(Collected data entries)

◇ ◇ ◇

lemma cut_imp:
  assumes "cut_admissible M B" "cut_admissible M C"
    and "SDerivable (add_mset B \<Gamma>) (Some C)" "SDerivable (\<Gamma> + \<Gamma>') (Some B)"
      "SDerivable (add_mset C \<Gamma>') D"
    and bound: "sizes_below M (add_mset (Imp B C) (\<Gamma> + \<Gamma>')) D"
  shows "SDerivable (\<Gamma> + \<Gamma>') D"
proof -
  have "SDerivable (\<Gamma> + \<Gamma>' + \<Gamma>) (Some C)"
    by (rule cut_admissibleD[OF assms(1,4,3)]) (use bound in \<open>auto simp: sizes_below_def\<close>)
  then have "SDerivable (\<Gamma> + \<Gamma>' + \<Gamma> + \<Gamma>') D"
    by (rule cut_admissibleD[OF assms(2) _ assms(5)]) (use bound in \<open>auto simp: sizes_below_def\<close>)
  then show ?thesis by (rule SDerivable_set_mono) auto
qed

lemma cut_box_box:
  fixes \<Gamma> \<Gamma>' :: "'a fm multiset"
  assumes cut: "\<And>B :: 'a fm. cut_admissible M B"
    and left: "cboxes bs1 \<subseteq># \<Gamma>" "\<forall>(\<rho>, \<sigma>) \<in> set bs1. interderivable \<phi> \<rho>"
      "SDerivable (conseqs bs1) (Some \<psi>)"
    and right: "cboxes bs2 \<subseteq># add_mset (CBox \<phi> \<psi>) \<Gamma>'" "(\<phi>, \<psi>) \<in> set bs2"
      "\<forall>(\<rho>, \<sigma>) \<in> set bs2. interderivable \<phi>2 \<rho>" "SDerivable (conseqs bs2) (Some \<psi>2)"
    and bound: "sizes_below (Suc M) (add_mset (CBox \<phi> \<psi>) (\<Gamma> + \<Gamma>')) (Some (CBox \<phi>2 \<psi>2))"
  shows "SDerivable (\<Gamma> + \<Gamma>') (Some (CBox \<phi>2 \<psi>2))"
proof -
  define bs2' where "bs2' = remove1 (\<phi>, \<psi>) bs2"
  have bs2: "mset bs2 = add_mset (\<phi>, \<psi>) (mset bs2')" "set bs2' \<subseteq> set bs2"
    unfolding bs2'_def using right(2) by (simp_all add: set_remove1_subset)
  have sub2: "cboxes bs2' \<subseteq># \<Gamma>'" using right(1) by (simp add: bs2(1))
  have "cboxes bs1 \<subseteq># add_mset (CBox \<phi> \<psi>) (\<Gamma> + \<Gamma>')" "cboxes bs2' \<subseteq># add_mset (CBox \<phi> \<psi>) (\<Gamma> + \<Gamma>')"
    using left(1) sub2 by (auto intro: subset_mset.order_trans)
  note sizes1 = sizes_below_cboxes[OF sizes_below_mono[OF bound this(1)]]
    and sizes2 = sizes_below_cboxes[OF sizes_below_mono[OF bound this(2)]]
  have sizes: "size \<phi> < M" "size \<psi> < M" "size \<phi>2 < M" "size \<psi>2 < M"
    using bound by (simp_all add: sizes_below_def)
  have "interderivable \<phi>2 \<phi>" using right(2,3) by auto
  with left(2) have "\<forall>(\<rho>, \<sigma>) \<in> set bs1. interderivable \<phi>2 \<rho>"
    by (rule interderivable_trans_all[OF _ _ cut]) (use sizes1 sizes in auto)
  then have "\<forall>(\<rho>, \<sigma>) \<in> set (bs1 @ bs2'). interderivable \<phi>2 \<rho>"
    using right(3) bs2(2) by auto
  moreover have "SDerivable (conseqs bs1 + conseqs bs2') (Some \<psi>2)"
    by (rule cut_admissibleD[OF cut left(3)])
      (use right(4) bs2(1) sizes1 sizes2 sizes in \<open>auto simp: sizes_below_def\<close>)
  moreover have "cboxes (bs1 @ bs2') \<subseteq># \<Gamma> + \<Gamma>'"
    using left(1) sub2 by (simp add: subset_mset.add_mono)
  ultimately show ?thesis using SDerivable_box[of "bs1 @ bs2'"] by simp
qed

lemma dia_succedents_size:
  "dia_succedents \<phi> D' D \<Longrightarrow> sizes_below (Suc M) X D \<Longrightarrow> \<forall>\<theta> \<in> set_option D'. size \<theta> < M"
  unfolding dia_succedents_def sizes_below_def by auto

lemma cut_box_dia:
  fixes \<Gamma> \<Gamma>' :: "'a fm multiset"
  assumes cut: "\<And>B :: 'a fm. cut_admissible M B"
    and left: "cboxes bs1 \<subseteq># \<Gamma>" "\<forall>(\<rho>, \<sigma>) \<in> set bs1. interderivable \<phi> \<rho>"
      "SDerivable (conseqs bs1) (Some \<psi>)"
    and right: "add_mset (CDia \<phi>2 \<psi>2) (cboxes bs2 + cdias ds2) \<subseteq># add_mset (CBox \<phi> \<psi>) \<Gamma>'"
      "(\<phi>, \<psi>) \<in> set bs2" "\<forall>(\<rho>, \<sigma>) \<in> set (bs2 @ ds2). interderivable \<phi>2 \<rho>"
      "SDerivable (add_mset \<psi>2 (conseqs bs2 + conseqs ds2)) D'" "dia_succedents \<phi>2 D' D"
    and bound: "sizes_below (Suc M) (add_mset (CBox \<phi> \<psi>) (\<Gamma> + \<Gamma>')) D"
  shows "SDerivable (\<Gamma> + \<Gamma>') D"
proof -
  define bs2' where "bs2' = remove1 (\<phi>, \<psi>) bs2"
  have bs2: "mset bs2 = add_mset (\<phi>, \<psi>) (mset bs2')" "set bs2' \<subseteq> set bs2"
    unfolding bs2'_def using right(2) by (simp_all add: set_remove1_subset)
  let ?K2 = "add_mset (CDia \<phi>2 \<psi>2) (cboxes bs2' + cdias ds2)"
  have sub2: "?K2 \<subseteq># \<Gamma>'" using right(1) by (simp add: bs2(1) add_mset_commute)
  have "cboxes bs1 \<subseteq># add_mset (CBox \<phi> \<psi>) (\<Gamma> + \<Gamma>')" "?K2 \<subseteq># add_mset (CBox \<phi> \<psi>) (\<Gamma> + \<Gamma>')"
    using left(1) sub2 by (auto intro: subset_mset.order_trans)
  note sizes1 = sizes_below_cboxes[OF sizes_below_mono[OF bound this(1)]]
    and sizes2 = sizes_below_dia_principal[OF sizes_below_mono[OF bound this(2)]]
  have sizes: "size \<phi> < M" "size \<psi> < M" "\<forall>\<theta> \<in> set_option D'. size \<theta> < M"
    using bound dia_succedents_size[OF right(5) bound] by (simp_all add: sizes_below_def)
  have "interderivable \<phi>2 \<phi>" using right(2,3) by auto
  with left(2) have "\<forall>(\<rho>, \<sigma>) \<in> set bs1. interderivable \<phi>2 \<rho>"
    by (rule interderivable_trans_all[OF _ _ cut]) (use sizes1 sizes sizes2 in auto)
  then have "\<forall>(\<rho>, \<sigma>) \<in> set ((bs1 @ bs2') @ ds2). interderivable \<phi>2 \<rho>"
    using right(3) bs2(2) by auto
  moreover have "SDerivable (conseqs bs1 + add_mset \<psi>2 (conseqs bs2' + conseqs ds2)) D'"
  proof (rule cut_admissibleD[OF cut left(3)])
    show "SDerivable (add_mset \<psi> (add_mset \<psi>2 (conseqs bs2' + conseqs ds2))) D'"
      using right(4) by (simp add: bs2(1) add_mset_commute)
    show "sizes_below M (add_mset \<psi> (conseqs bs1 + add_mset \<psi>2 (conseqs bs2' + conseqs ds2))) D'"
      using sizes1 sizes2 sizes unfolding sizes_below_def by auto
  qed
  moreover have "add_mset (CDia \<phi>2 \<psi>2) (cboxes (bs1 @ bs2') + cdias ds2) = cboxes bs1 + ?K2"
    by simp
  with subset_mset.add_mono[OF left(1) sub2]
  have "add_mset (CDia \<phi>2 \<psi>2) (cboxes (bs1 @ bs2') + cdias ds2) \<subseteq># \<Gamma> + \<Gamma>'"
    by (simp add: add.assoc)
  ultimately show ?thesis
    using right(5) SDerivable_dia_inference[of \<phi>2 \<psi>2 "bs1 @ bs2'" ds2 "\<Gamma> + \<Gamma>'" D' D]
    by (simp add: add.assoc)
qed

lemma dia_succedents_trans:
  assumes "dia_succedents \<eta> D' D" "interderivable \<phi> \<eta>" "cut_admissible M \<eta>"
    "size \<phi> < M" "size \<eta> < M" "sizes_below (Suc M) X D"
  shows "dia_succedents \<phi> D' D"
  using assms interderivable_trans[OF assms(3,2)]
  unfolding dia_succedents_def sizes_below_def by fastforce

lemma cut_dia_principal:
  fixes \<Gamma> \<Gamma>' :: "'a fm multiset"
  assumes cut: "\<And>B :: 'a fm. cut_admissible M B"
    and left: "add_mset (CDia \<phi>1 \<psi>1) (cboxes bs1 + cdias ds1) \<subseteq># \<Gamma>"
      "\<forall>(\<rho>, \<sigma>) \<in> set (bs1 @ ds1). interderivable \<phi>1 \<rho>"
      "SDerivable (add_mset \<psi>1 (conseqs bs1 + conseqs ds1)) (Some \<theta>)" "interderivable \<phi>1 \<eta>"
    and right: "cboxes bs2 + cdias ds2 \<subseteq># \<Gamma>'" "\<forall>(\<rho>, \<sigma>) \<in> set (bs2 @ ds2). interderivable \<eta> \<rho>"
      "SDerivable (add_mset \<theta> (conseqs bs2 + conseqs ds2)) D'" "dia_succedents \<eta> D' D"
    and bound: "sizes_below (Suc M) (add_mset (CDia \<eta> \<theta>) (\<Gamma> + \<Gamma>')) D"
  shows "SDerivable (\<Gamma> + \<Gamma>') D"
proof -
  have "add_mset (CDia \<phi>1 \<psi>1) (cboxes bs1 + cdias ds1) \<subseteq># add_mset (CDia \<eta> \<theta>) (\<Gamma> + \<Gamma>')"
    "cboxes bs2 + cdias ds2 \<subseteq># add_mset (CDia \<eta> \<theta>) (\<Gamma> + \<Gamma>')"
    using left(1) right(1) by (auto intro: subset_mset.order_trans)
  note sizes1 = sizes_below_dia_principal[OF sizes_below_mono[OF bound this(1)]]
    and sizes2 = sizes_below_cboxes_cdias[OF sizes_below_mono[OF bound this(2)]]
  have sizes: "size \<eta> < M" "size \<theta> < M" "\<forall>\<theta>' \<in> set_option D'. size \<theta>' < M"
    using bound dia_succedents_size[OF right(4) bound] by (simp_all add: sizes_below_def)
  have "\<forall>(\<rho>, \<sigma>) \<in> set (bs2 @ ds2). interderivable \<phi>1 \<rho>"
    using right(2) left(4) by (rule interderivable_trans_all[OF _ _ cut]) (use sizes1 sizes2 sizes in auto)
  then have "\<forall>(\<rho>, \<sigma>) \<in> set ((bs1 @ bs2) @ (ds1 @ ds2)). interderivable \<phi>1 \<rho>"
    using left(2) by auto
  moreover have "SDerivable (add_mset \<psi>1 (conseqs bs1 + conseqs ds1) + (conseqs bs2 + conseqs ds2)) D'"
  proof (rule cut_admissibleD[OF cut left(3) right(3)])
    show "sizes_below M (add_mset \<theta> (add_mset \<psi>1 (conseqs bs1 + conseqs ds1) + (conseqs bs2 + conseqs ds2))) D'"
      using sizes1 sizes2 sizes unfolding sizes_below_def by auto
  qed
  moreover have "dia_succedents \<phi>1 D' D"
    by (rule dia_succedents_trans[OF right(4) left(4) cut _ _ bound]) (use sizes1 sizes in auto)
  moreover have "add_mset (CDia \<phi>1 \<psi>1) (cboxes (bs1 @ bs2) + cdias (ds1 @ ds2))
      = add_mset (CDia \<phi>1 \<psi>1) (cboxes bs1 + cdias ds1) + (cboxes bs2 + cdias ds2)"
    by (simp add: multiset_eq_iff)
  with subset_mset.add_mono[OF left(1) right(1)]
  have "add_mset (CDia \<phi>1 \<psi>1) (cboxes (bs1 @ bs2) + cdias (ds1 @ ds2)) \<subseteq># \<Gamma> + \<Gamma>'" by (simp only:)
  ultimately show ?thesis
    using SDerivable_dia_inference[of \<phi>1 \<psi>1 "bs1 @ bs2" "ds1 @ ds2" "\<Gamma> + \<Gamma>'" D' D]
    by (simp add: add.assoc add.left_commute)
qed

◇ ◇ ◇

Exercise:
An exact copy is needed of the lines from the one containing "by (simp only:)" through the end of the records.

Task output:
  have "add_mset (CDia \<phi>1 \<psi>1) (cboxes (bs1 @ bs2) + cdias (ds1 @ ds2)) \<subseteq># \<Gamma> + \<Gamma>'" by (simp only:)
  ultimately show ?thesis
    using SDerivable_dia_inference[of \<phi>1 \<psi>1 "bs1 @ bs2" "ds1 @ ds2" "\<Gamma> + \<Gamma>'" D' D]
    by (simp add: add.assoc add.left_commute)
qed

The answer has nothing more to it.